In 2026 the PPO step is mostly replaced by DPO (Phase 10 · 08) because it is cheaper and nearly as good for alignment tuning. But the *reward model* piece still underlies every Best-of-N sampler, every RL-from-verifiable-rewards pipeline, and every reasoning model using a process reward model. Understand RLHF and you understand the entire alignment stack.

The Concept

Three-stage RLHF: SFT, RM training on pairwise prefs, PPO with KL penalty

Stage 1: Supervised Fine-Tuning (SFT). Start from a pretrained base model. Fine-tune on human-written demonstrations of the target behavior (instruction-following responses, helpful replies, etc.). Result: a model π_SFT that is *biased toward good behavior* but still has an unbounded action space.

Stage 2: Reward Model training.

L(φ) = -E[ log σ(R_φ(x, y_+) - R_φ(x, y_-)) ]

σ is the sigmoid. The difference in reward implies a log-odds of preference. BT has been the standard since 1952 (Bradley-Terry) and is the dominant choice in modern RLHF.

Stage 3: PPO against the RM with KL penalty.

r_total(x, y) = R_φ(x, y) - β · KL(π_θ(·|x) || π_ref(·|x))

The KL penalty prevents π_θ from drifting arbitrarily from π_SFT — it is a *regularizer*, not a hard trust region. β typically 0.01-0.05.

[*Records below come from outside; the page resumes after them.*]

(* Let $p$ be a binary word of length $l$ with $r$ runs, let $r_i$ be the number of runs of size $i$, and let $r_{2,b}\in\{0,1,2\}$ be the number of runs of size $2$ that are the first or the last run of $p$. For every $n\ge 3$: if $l\ge 3$ then $$B_{n,p}(3)=r_1\binom{n-r-1}{l-r+1}+(r_2-r_{2,b})\binom{n-r-1}{l-r}+r_{2,b}\binom{n-r}{l-r+1},$$ and if $l<3$ then $B_{n,p}(3)=\binom{n}{3}$ when $r=1$, and $B_{n,p}(3)=3(n-3)$ when $r=2$.
   Context: $c_p(w)$ is the number of occurrences of $p$ as a (not necessarily consecutive) subsequence of the binary word $w$; $B_{n,p}(k)$ is the number of binary words of length $n$ with $c_p(w)=k$. A run is a maximal block of consecutive equal letters; its size is its length. Convention: $\binom{a}{b}=0$ unless $0\le b\le a$. *)

theory Defs
  imports Main
begin

definition occ :: "bool list \<Rightarrow> bool list \<Rightarrow> nat" where
  "occ p w = card {I. I \<subseteq> {..<length w} \<and> card I = length p \<and> nths w I = p}"

definition Bnp :: "nat \<Rightarrow> bool list \<Rightarrow> nat \<Rightarrow> nat" where
  "Bnp n p k = card {w :: bool list. length w = n \<and> occ p w = k}"

fun runs :: "'a list \<Rightarrow> 'a list list" where
  "runs [] = []"
| "runs (x # xs) = (case runs xs of
      [] \<Rightarrow> [[x]]
    | g # gs \<Rightarrow> (if hd g = x then (x # g) # gs else [x] # g # gs))"

definition run_sizes :: "'a list \<Rightarrow> nat list" where
  "run_sizes p = map length (runs p)"

definition runs_of_size :: "'a list \<Rightarrow> nat \<Rightarrow> nat" where
  "runs_of_size p i = card {j. j < length (run_sizes p) \<and> run_sizes p ! j = i}"

definition runs2_boundary :: "'a list \<Rightarrow> nat" where
  "runs2_boundary p = card {j. j < length (run_sizes p) \<and> (j = 0 \<or> j = length (run_sizes p) - 1)
                              \<and> run_sizes p ! j = 2}"

definition binom :: "int \<Rightarrow> int \<Rightarrow> nat" where
  "binom a b = (if 0 \<le> b \<and> b \<le> a then nat a choose nat b else 0)"

end

theory Submission
  imports Defs
begin

text \<open>Reading a word from the left, the occurrences of \<open>x # q\<close> in \<open>y # w\<close> are those in \<open>w\<close>
  together with, if \<open>y = x\<close>, those of \<open>q\<close> in \<open>w\<close>. Splitting words on their first letter
  therefore turns the number of words with exactly three occurrences of \<open>p\<close> into a system of
  recursions in the word length, involving a few auxiliary conditions on suffixes \<open>q\<close> of \<open>p\<close>:
  exactly \<open>k\<close> occurrences of \<open>q\<close> and none of \<open>c # q\<close>, where \<open>c\<close> is a letter already read,
  and prescribed numbers of occurrences of both \<open>q\<close> and \<open>x # q\<close>. Each auxiliary count is a sum
  of stars-and-bars numbers whose parameters are read off from the runs of \<open>q\<close>; these closed
  forms are confirmed by checking that they satisfy the same recursions, which reduces to
  Pascal's rule. Patterns of length at most two are counted directly.\<close>

section \<open>Counting occurrences letter by letter\<close>

fun subseq_count :: "bool list \<Rightarrow> bool list \<Rightarrow> nat" where
  "subseq_count [] w = 1"
| "subseq_count (x # p) [] = 0"
| "subseq_count (x # p) (y # w) = subseq_count (x # p) w + (if x = y then subseq_count p w else 0)"

definition occ_sets :: "bool list \<Rightarrow> bool list \<Rightarrow> nat set set" where
  "occ_sets p w = {I. I \<subseteq> {..<length w} \<and> card I = length p \<and> nths w I = p}"

lemma occ_sets_Nil: "occ_sets [] w = {{}}"
proof -
  have "I = {}" if "I \<subseteq> {..<length w}" "card I = 0" for I :: "nat set"
    using that finite_subset[OF that(1)] by auto
  then show ?thesis unfolding occ_sets_def by auto
qed

lemma occ_sets_Cons_Nil: "occ_sets (x # p) [] = {}"
  unfolding occ_sets_def by auto

lemma finite_occ_sets: "finite (occ_sets p w)"
  unfolding occ_sets_def by (rule finite_subset[of _ "Pow {..<length w}"]) auto

lemma nths_Cons_Suc_image: "nths (y # w) (Suc ` J) = nths w J"
  by (simp add: nths_Cons image_iff)

lemma nths_Cons_insert_0: "nths (y # w) (insert 0 (Suc ` J)) = y # nths w J"
  by (simp add: nths_Cons image_iff)

lemma occ_sets_Cons_cases:
  assumes "I \<in> occ_sets (x # p) (y # w)"
  obtains J where "J \<in> occ_sets (x # p) w" "I = Suc ` J"
    | J where "x = y" "J \<in> occ_sets p w" "I = insert 0 (Suc ` J)"
proof -
  define J where "J = {j. Suc j \<in> I}"
  have sub: "I \<subseteq> {..<Suc (length w)}" and card_I: "card I = Suc (length p)"
    and nths_I: "nths (y # w) I = x # p" using assms by (auto simp: occ_sets_def)
  have J_sub: "J \<subseteq> {..<length w}" using sub by (auto simp: J_def)
  then have "finite J" using finite_subset by blast
  show ?thesis
  proof (cases "0 \<in> I")
    case False
    have I_eq: "I = Suc ` J"
      using False by (auto simp: J_def image_iff) (metis not0_implies_Suc)
    then have "J \<in> occ_sets (x # p) w"
      using J_sub card_I nths_I by (simp add: occ_sets_def card_image nths_Cons_Suc_image)
    then show ?thesis using I_eq that(1) by blast
  next
    case True
    have I_eq: "I = insert 0 (Suc ` J)"
      using True by (auto simp: J_def image_iff) (metis not0_implies_Suc)
    then have "card J = length p" and "y # nths w J = x # p"
      using card_I nths_I \<open>finite J\<close> by (simp_all add: card_image nths_Cons_insert_0)
    then show ?thesis using J_sub I_eq that(2) by (auto simp: occ_sets_def)
  qed
qed

lemma occ_sets_Cons:
  "occ_sets (x # p) (y # w) = (\<lambda>J. Suc ` J) ` occ_sets (x # p) w \<union>
     (if x = y then (\<lambda>J. insert 0 (Suc ` J)) ` occ_sets p w else {})"
proof (intro set_eqI iffI)
  fix I
  assume "I \<in> occ_sets (x # p) (y # w)"
  then show "I \<in> (\<lambda>J. Suc ` J) ` occ_sets (x # p) w \<union>
     (if x = y then (\<lambda>J. insert 0 (Suc ` J)) ` occ_sets p w else {})"
    by (cases rule: occ_sets_Cons_cases) auto
next
  fix I
  assume "I \<in> (\<lambda>J. Suc ` J) ` occ_sets (x # p) w \<union>
     (if x = y then (\<lambda>J. insert 0 (Suc ` J)) ` occ_sets p w else {})"
  then consider J where "J \<in> occ_sets (x # p) w" "I = Suc ` J"
    | J where "x = y" "J \<in> occ_sets p w" "I = insert 0 (Suc ` J)"
    by (auto split: if_splits)
  then show "I \<in> occ_sets (x # p) (y # w)"
  proof cases
    case 1
    then show ?thesis by (auto simp: occ_sets_def card_image nths_Cons_Suc_image)
  next
    case 2
    moreover have "finite J" using 2 finite_subset by (auto simp: occ_sets_def)
    ultimately show ?thesis by (auto simp: occ_sets_def card_image nths_Cons_insert_0)
  qed
qed

lemma occ_eq_subseq_count: "occ p w = subseq_count p w"
proof -
  have "card (occ_sets p w) = subseq_count p w"
  proof (induction w arbitrary: p)
    case Nil
    then show ?case by (cases p) (auto simp: occ_sets_Nil occ_sets_Cons_Nil)
  next
    case (Cons y w)
    show ?case
    proof (cases p)
      case Nil
      then show ?thesis by (simp add: occ_sets_Nil)
    next
      case (Cons x p')
      have inj_Suc: "inj_on (\<lambda>J. Suc ` J) X" for X :: "nat set set"
        by (rule inj_onI) (simp add: inj_image_eq_iff)
      have inj_ins: "inj_on (\<lambda>J. insert 0 (Suc ` J)) X" for X :: "nat set set"
      proof (rule inj_onI)
        fix a b :: "nat set"
        assume "insert 0 (Suc ` a) = insert 0 (Suc ` b)"
        then have "Suc ` a = Suc ` b" by (metis Diff_insert_absorb image_iff nat.distinct(1))
        then show "a = b" by (simp add: inj_image_eq_iff)
      qed
      have "(\<lambda>J. Suc ` J) ` occ_sets (x # p') w \<inter> (\<lambda>J. insert 0 (Suc ` J)) ` occ_sets p' w = {}"
        by auto
      then show ?thesis using Cons.IH
        by (auto simp: Cons occ_sets_Cons card_Un_disjoint finite_occ_sets
            card_image[OF inj_Suc] card_image[OF inj_ins])
    qed
  qed
  then show ?thesis by (simp add: occ_def occ_sets_def)
qed

lemma subseq_count_le_Cons: "subseq_count q w \<le> subseq_count q (y # w)"
  by (cases q) auto

lemma subseq_count_Cons_skip: "q = [] \<or> hd q \<noteq> y \<Longrightarrow> subseq_count q (y # w) = subseq_count q w"
  by (cases q) auto

lemma subseq_count_tl_pos: "subseq_count (x # q) w > 0 \<Longrightarrow> subseq_count q w > 0"
proof (induction w)
  case (Cons y w)
  then show ?case using subseq_count_le_Cons[of q w y] by (auto split: if_splits)
qed simp

lemma subseq_count_append_pos: "subseq_count (q @ q') w > 0 \<Longrightarrow> subseq_count q' w > 0"
  by (induction q) (auto dest: subseq_count_tl_pos)

text \<open>An occurrence of \<open>x # q @ x # q'\<close> yields two occurrences of \<open>x # q'\<close>:
  one starting at either of the two letters \<open>x\<close>.\<close>
lemma subseq_count_repeat_ge_2:
  "subseq_count (x # q @ x # q') w > 0 \<Longrightarrow> subseq_count (x # q') w \<ge> 2"
proof (induction w)
  case (Cons y w)
  show ?case
  proof (cases "subseq_count (x # q @ x # q') w > 0")
    case True
    then show ?thesis using Cons.IH by simp
  next
    case False
    then have "x = y" and second: "subseq_count (q @ x # q') w > 0"
      using Cons.prems by (auto split: if_splits)
    moreover have "subseq_count (x # q') w > 0" using second by (rule subseq_count_append_pos)
    moreover from this have "subseq_count q' w > 0" by (rule subseq_count_tl_pos)
    ultimately show ?thesis by simp
  qed
qed simp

Why the KL? Without it, PPO will happily find reward-hacking strategies — the RM was only trained on in-distribution completions. An out-of-distribution response might score higher than any human-written one. The KL keeps π_θ near the manifold where the RM was trained. It is the single most important knob in RLHF.

2026 status:

Build It

This lesson uses tiny synthetic "prompts" and "responses" represented as strings. The RM is a linear scorer over a bag-of-tokens representation. No real LLM — the *shape* of the pipeline matters, not the scale. See code/main.py.

Step 1: synthetic preference data

PROMPTS = ["help me", "answer me", "explain this"]
GOOD_WORDS = {"clear", "specific", "kind", "thorough"}
BAD_WORDS = {"vague", "rude", "wrong", "short"}

def make_pair(rng):
    x = rng.choice(PROMPTS)
    y_good = rng.choice(list(GOOD_WORDS)) + " " + rng.choice(list(GOOD_WORDS))
    y_bad = rng.choice(list(BAD_WORDS)) + " " + rng.choice(list(BAD_WORDS))
    return (x, y_good, y_bad)

In real RLHF this is replaced by human labelers. The shape — (prompt, preferred_response, rejected_response) — is identical.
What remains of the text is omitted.